*WHAT IS REQUIRED:*
The answer must be every line of the records below that holds the word "Defs".

(SOURCE MATERIAL begins)

lemma burau_append: "burau n (v @ w) t = burau n v t * burau n w t"
proof (induction v)
  case Nil
  show ?case unfolding burau_Nil append_Nil by (rule left_mult_one_mat[symmetric, OF burau_carrier])
next
  case (Cons g v)
  show ?case unfolding append_Cons burau_Cons Cons.IH
    by (rule assoc_mult_mat[symmetric, OF burau_gen_carrier burau_carrier burau_carrier])
qed

lemma burau3_sigma1: "burau_gen 3 1 t = mat2 (- t) 1 0 1"
  by (rule eq_matI) (auto simp: burau_gen_def mat2_def less_2_cases_iff numeral_2_eq_2)

lemma burau3_sigma2: "burau_gen 3 2 t = mat2 1 0 t (- t)"
  by (rule eq_matI) (auto simp: burau_gen_def mat2_def less_2_cases_iff numeral_2_eq_2)

lemma burau3_full_twist_power:
  "burau 3 (concat (replicate (3 * k) [1, 2])) t = mat2 (t ^ (3 * k)) 0 0 (t ^ (3 * k))"
proof (induction k)
  case 0
  show ?case by (simp add: burau_Nil one_mat2)
next
  case (Suc k)
  have "concat (replicate (3 * Suc k) [1, 2::int]) = [1, 2, 1, 2, 1, 2] @ concat (replicate (3 * k) [1, 2])"
    by (simp add: numeral_3_eq_3)
  then show ?case
    by (simp only: burau_append Suc)
      (simp add: burau_Cons burau_Nil burau3_sigma1 burau3_sigma2 one_mat2 mat2_mult power_add
        power3_eq_cube algebra_simps)
qed

lemma burau3_sigma1_power: "burau 3 (replicate k 1) t = mat2 ((- t) ^ k) (\<Sum>i<k. (- t) ^ i) 0 1"
proof (induction k)
  case 0
  show ?case by (simp add: burau_Nil one_mat2)
next
  case (Suc k)
  have "(\<Sum>i<Suc k. (- t) ^ i) = 1 + (- t) * (\<Sum>i<k. (- t) ^ i)"
    by (simp only: sum.lessThan_Suc_shift sum_distrib_left) simp
  then show ?case
    by (simp add: burau_Cons Suc burau3_sigma1 mat2_mult)
qed

lemma twisted_torus_braid_3_2:
  "twisted_torus_braid 3 v 2 l = concat (replicate v [1, 2]) @ replicate (2 * l) 1"
  by (simp add: twisted_torus_braid_def numeral_3_eq_3 numeral_2_eq_2 upt_rec)

lemma burau_twisted_torus_3_2:
  "burau 3 (twisted_torus_braid 3 (3 * m + 1) 2 l) t =
     mat2 0 (- (t ^ (3 * m + 1))) (t ^ (3 * m + 2 * l + 1)) (t ^ (3 * m + 1) * ((\<Sum>i<2 * l. (- t) ^ i) - 1))"
proof -
  have "twisted_torus_braid 3 (3 * m + 1) 2 l =
      [1, 2] @ concat (replicate (3 * m) [1, 2]) @ replicate (2 * l) 1"
    by (simp add: twisted_torus_braid_3_2)
  then have "burau 3 (twisted_torus_braid 3 (3 * m + 1) 2 l) t =
      burau 3 [1, 2] t * (burau 3 (concat (replicate (3 * m) [1, 2])) t * burau 3 (replicate (2 * l) 1) t)"
    by (simp only: burau_append)
  also have "\<dots> = mat2 0 (- t) t (- t) * (mat2 (t ^ (3 * m)) 0 0 (t ^ (3 * m)) *
      mat2 (t ^ (2 * l)) (\<Sum>i<2 * l. (- t) ^ i) 0 1)"
    by (simp add: burau_Cons burau_Nil burau3_sigma1 burau3_sigma2 one_mat2 mat2_mult
        burau3_full_twist_power burau3_sigma1_power power_mult)
  also have "\<dots> = mat2 0 (- (t ^ (3 * m + 1))) (t ^ (3 * m + 2 * l + 1))
      (t ^ (3 * m + 1) * ((\<Sum>i<2 * l. (- t) ^ i) - 1))"
    by (simp add: mat2_mult power_add algebra_simps)
  finally show ?thesis .
qed

lemma det_burau_twisted_torus_3_2:
  "det (1\<^sub>m (3 - 1) - burau 3 (twisted_torus_braid 3 (3 * m + 1) 2 l) t) =
     1 - t ^ (3 * m + 1) * ((\<Sum>i<2 * l. (- t) ^ i) - 1) + t ^ (6 * m + 2 * l + 2)"
proof -
  have "t ^ (3 * m + 1) * t ^ (3 * m + 2 * l + 1) = t ^ (6 * m + 2 * l + 2)"
    by (simp flip: power_add)
  then show ?thesis
    unfolding burau_twisted_torus_3_2 by (simp add: one_mat2 mat2_minus det_mat2)
qed

section \<open>Evaluating Laurent polynomials\<close>

text \<open>Unlike \<open>lpeval\<close>, a sum over a fixed window \<open>F\<close> is linear in the coefficients without
  finiteness side conditions.\<close>

definition lpeval_on :: "int set \<Rightarrow> (int \<Rightarrow> int) \<Rightarrow> complex \<Rightarrow> complex" where
  "lpeval_on F c t = (\<Sum>k\<in>F. of_int (c k) * t powi k)"
(* Let $T=(V,E)$ be a finite tree with $V=\{1,\dots,n\}$, rooted at a vertex $v_0$ and equipped with a fixed left-to-right ordering of children, and let $e_i=(p_i,q_i)$, $i=1,\dots,k$, be its edges, where $p_i$ is the parent of $q_i$, enumerated level by level starting from the root and proceeding from left to right at every depth (breadth-first order). Let $N$ be a symmetric positive definite $n\times n$ real matrix and $M=N_T$. For $j=2,\dots,k$ let $A_j=\bigcup_{i=1}^{j-1}\{p_i,q_i\}\setminus\{p_j\}$, $$\sigma_j=M_{p_j,p_j}-M_{p_j,A_j}M_{A_j,A_j}^{-1}M_{A_j,p_j},\qquad \eta_j=M_{p_j,p_j}-M_{p_j,q_j}^2M_{q_j,q_j}^{-1}.$$ Then $M$ is positive definite if and only if $\sigma_j+\eta_j-M_{p_j,p_j}>0$ for every $j=2,\dots,k$.
   Context: For a symmetric $n\times n$ real matrix $N=(n_{ij})$, $N_T$ is defined by $(N_T)_{ij}=n_{ij}$ if $i=j$ or $(i,j)\in E$, and $0$ otherwise. For index sets $X,Y$, $M_{XY}$ denotes the submatrix of $M$ with rows in $X$ and columns in $Y$; for a single vertex $x$, $M_{x,Y}$ denotes the corresponding row vector and $M_{x,x}$ the diagonal entry. *)

theory Defs
  imports "Jordan_Normal_Form.Gauss_Jordan_Elimination" "Jordan_Normal_Form.DL_Submatrix"
begin

text \<open>Vertices are 0,...,n-1 (labelling immaterial). An ordered rooted tree is given by its
  root v0 and a function ch mapping each vertex to the list of its children, listed
  from left to right.\<close>

definition ordered_rooted_tree :: "nat \<Rightarrow> nat \<Rightarrow> (nat \<Rightarrow> nat list) \<Rightarrow> bool" where
  "ordered_rooted_tree n v0 ch \<longleftrightarrow>
     v0 < n
   \<and> (\<forall>v. set (ch v) \<subseteq> {0..<n} \<and> distinct (ch v))
   \<and> (\<forall>v. v \<ge> n \<longrightarrow> ch v = [])
   \<and> (\<forall>v<n. v0 \<notin> set (ch v))
   \<and> (\<forall>w<n. w \<noteq> v0 \<longrightarrow> (\<exists>!v. v < n \<and> w \<in> set (ch v)))
   \<and> (\<forall>w<n. (v0, w) \<in> {(u, c). c \<in> set (ch u)}\<^sup>*)"

definition tree_adj :: "(nat \<Rightarrow> nat list) \<Rightarrow> nat \<Rightarrow> nat \<Rightarrow> bool" where
  "tree_adj ch i j \<longleftrightarrow> j \<in> set (ch i) \<or> i \<in> set (ch j)"

fun level :: "(nat \<Rightarrow> nat list) \<Rightarrow> nat \<Rightarrow> nat \<Rightarrow> nat list" where
  "level ch v0 0 = [v0]"
| "level ch v0 (Suc d) = concat (map ch (level ch v0 d))"

definition bfs_edges :: "nat \<Rightarrow> nat \<Rightarrow> (nat \<Rightarrow> nat list) \<Rightarrow> (nat \<times> nat) list" where
  "bfs_edges n v0 ch =
     concat (map (\<lambda>d. concat (map (\<lambda>p. map (\<lambda>c. (p, c)) (ch p)) (level ch v0 d))) [0..<n])"

definition tree_part :: "(nat \<Rightarrow> nat list) \<Rightarrow> real mat \<Rightarrow> real mat" where
  "tree_part ch N = mat (dim_row N) (dim_col N)
     (\<lambda>(i, j). if i = j \<or> tree_adj ch i j then N $$ (i, j) else 0)"

definition symmetric_mat :: "'a mat \<Rightarrow> bool" where
  "symmetric_mat A \<longleftrightarrow> A\<^sup>T = A"

definition pos_def :: "real mat \<Rightarrow> bool" where
  "pos_def A \<longleftrightarrow> dim_row A = dim_col A \<and>
     (\<forall>x \<in> carrier_vec (dim_row A). x \<noteq> 0\<^sub>v (dim_row A) \<longrightarrow> x \<bullet> (A *\<^sub>v x) > 0)"

text \<open>Matrix inverse (junk value if the matrix is singular).\<close>
definition inv_mat :: "real mat \<Rightarrow> real mat" where
  "inv_mat A = the (mat_inverse A)"

definition sigma_val :: "real mat \<Rightarrow> nat \<Rightarrow> nat set \<Rightarrow> real" where
  "sigma_val M p A = M $$ (p, p)
     - (submatrix M {p} A * inv_mat (submatrix M A A) * submatrix M A {p}) $$ (0, 0)"

definition eta_val :: "real mat \<Rightarrow> nat \<Rightarrow> nat \<Rightarrow> real" where
  "eta_val M p q = M $$ (p, p) - (M $$ (p, q))\<^sup>2 * inverse (M $$ (q, q))"

end

theory Submission
  imports Defs "Jordan_Normal_Form.Determinant"
begin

(SOURCE MATERIAL ends)

*FINAL ANSWER:*
theory Defs
  imports Defs "Jordan_Normal_Form.Determinant"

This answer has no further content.